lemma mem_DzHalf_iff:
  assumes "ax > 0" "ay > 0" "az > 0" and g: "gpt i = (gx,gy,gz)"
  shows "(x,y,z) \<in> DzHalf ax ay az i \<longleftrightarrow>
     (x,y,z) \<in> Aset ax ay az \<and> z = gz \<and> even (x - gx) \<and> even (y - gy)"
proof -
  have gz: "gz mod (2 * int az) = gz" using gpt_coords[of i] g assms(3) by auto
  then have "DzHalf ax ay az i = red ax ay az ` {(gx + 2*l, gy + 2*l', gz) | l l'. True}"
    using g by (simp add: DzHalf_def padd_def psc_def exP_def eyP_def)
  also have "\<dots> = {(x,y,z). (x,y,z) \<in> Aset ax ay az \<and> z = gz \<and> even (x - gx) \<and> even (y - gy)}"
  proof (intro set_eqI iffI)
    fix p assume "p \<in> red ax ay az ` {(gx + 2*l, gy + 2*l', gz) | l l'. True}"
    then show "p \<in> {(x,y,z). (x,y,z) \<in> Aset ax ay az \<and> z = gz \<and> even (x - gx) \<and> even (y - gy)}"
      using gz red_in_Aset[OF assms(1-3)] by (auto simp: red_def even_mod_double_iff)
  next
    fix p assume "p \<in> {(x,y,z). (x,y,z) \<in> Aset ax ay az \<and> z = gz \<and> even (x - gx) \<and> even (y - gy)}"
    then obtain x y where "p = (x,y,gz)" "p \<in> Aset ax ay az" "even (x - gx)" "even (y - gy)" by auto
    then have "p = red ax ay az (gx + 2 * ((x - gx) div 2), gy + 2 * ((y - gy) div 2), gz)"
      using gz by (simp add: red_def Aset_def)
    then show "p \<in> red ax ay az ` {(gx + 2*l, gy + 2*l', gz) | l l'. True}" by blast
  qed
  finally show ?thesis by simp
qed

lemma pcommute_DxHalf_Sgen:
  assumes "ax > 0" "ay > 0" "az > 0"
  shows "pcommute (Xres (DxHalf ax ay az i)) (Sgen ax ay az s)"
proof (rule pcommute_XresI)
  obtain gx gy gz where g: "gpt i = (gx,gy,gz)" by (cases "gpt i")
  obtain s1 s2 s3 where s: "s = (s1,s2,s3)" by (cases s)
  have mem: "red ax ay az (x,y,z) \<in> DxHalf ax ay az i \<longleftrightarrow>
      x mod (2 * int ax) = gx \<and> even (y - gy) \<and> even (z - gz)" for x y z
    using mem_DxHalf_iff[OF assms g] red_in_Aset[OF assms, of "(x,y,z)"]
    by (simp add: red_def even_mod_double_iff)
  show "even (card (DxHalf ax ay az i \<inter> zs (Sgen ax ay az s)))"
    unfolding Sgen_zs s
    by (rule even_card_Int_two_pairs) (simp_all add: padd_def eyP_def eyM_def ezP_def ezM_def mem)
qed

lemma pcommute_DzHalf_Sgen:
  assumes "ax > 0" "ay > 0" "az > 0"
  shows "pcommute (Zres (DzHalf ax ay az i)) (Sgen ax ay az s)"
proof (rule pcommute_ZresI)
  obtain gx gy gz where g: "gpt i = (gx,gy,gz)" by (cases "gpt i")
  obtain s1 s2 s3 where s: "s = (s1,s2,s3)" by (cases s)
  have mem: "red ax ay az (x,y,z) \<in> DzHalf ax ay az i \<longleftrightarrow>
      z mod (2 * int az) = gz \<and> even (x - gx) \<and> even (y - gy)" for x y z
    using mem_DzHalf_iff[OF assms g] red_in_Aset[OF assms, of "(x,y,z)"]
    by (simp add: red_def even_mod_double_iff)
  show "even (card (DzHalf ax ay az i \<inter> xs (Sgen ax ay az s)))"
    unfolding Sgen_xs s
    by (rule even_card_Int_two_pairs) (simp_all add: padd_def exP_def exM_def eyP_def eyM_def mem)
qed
——
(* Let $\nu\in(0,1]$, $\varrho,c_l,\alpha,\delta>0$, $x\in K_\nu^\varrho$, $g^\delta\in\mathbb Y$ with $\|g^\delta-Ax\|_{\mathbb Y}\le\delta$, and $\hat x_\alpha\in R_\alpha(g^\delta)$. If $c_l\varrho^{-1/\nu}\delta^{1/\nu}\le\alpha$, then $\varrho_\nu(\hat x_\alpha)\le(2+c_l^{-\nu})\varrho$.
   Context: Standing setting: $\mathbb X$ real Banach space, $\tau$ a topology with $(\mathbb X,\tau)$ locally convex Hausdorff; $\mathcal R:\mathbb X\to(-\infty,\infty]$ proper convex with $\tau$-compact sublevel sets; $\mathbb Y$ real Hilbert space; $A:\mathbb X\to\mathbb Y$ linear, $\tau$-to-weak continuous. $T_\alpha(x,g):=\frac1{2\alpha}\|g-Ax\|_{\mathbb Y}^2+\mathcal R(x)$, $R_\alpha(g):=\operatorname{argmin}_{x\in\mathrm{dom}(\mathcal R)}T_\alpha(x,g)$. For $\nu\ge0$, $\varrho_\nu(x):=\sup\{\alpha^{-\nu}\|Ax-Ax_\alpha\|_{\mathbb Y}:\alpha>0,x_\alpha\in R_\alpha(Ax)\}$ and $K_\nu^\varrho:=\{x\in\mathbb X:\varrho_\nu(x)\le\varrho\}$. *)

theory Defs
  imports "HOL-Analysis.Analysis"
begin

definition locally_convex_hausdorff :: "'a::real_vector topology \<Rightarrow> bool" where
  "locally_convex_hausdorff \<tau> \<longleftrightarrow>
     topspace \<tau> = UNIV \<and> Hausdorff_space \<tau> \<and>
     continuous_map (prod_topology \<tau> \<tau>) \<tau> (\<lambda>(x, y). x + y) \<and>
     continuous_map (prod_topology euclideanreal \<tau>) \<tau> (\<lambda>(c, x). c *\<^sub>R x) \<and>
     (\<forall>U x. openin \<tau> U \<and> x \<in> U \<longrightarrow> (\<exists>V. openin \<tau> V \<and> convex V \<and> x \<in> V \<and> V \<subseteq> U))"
——
● Problem statement:
Your reply should be one number: how many lines in this listing contain the string "lemma".

● Response to the task:
3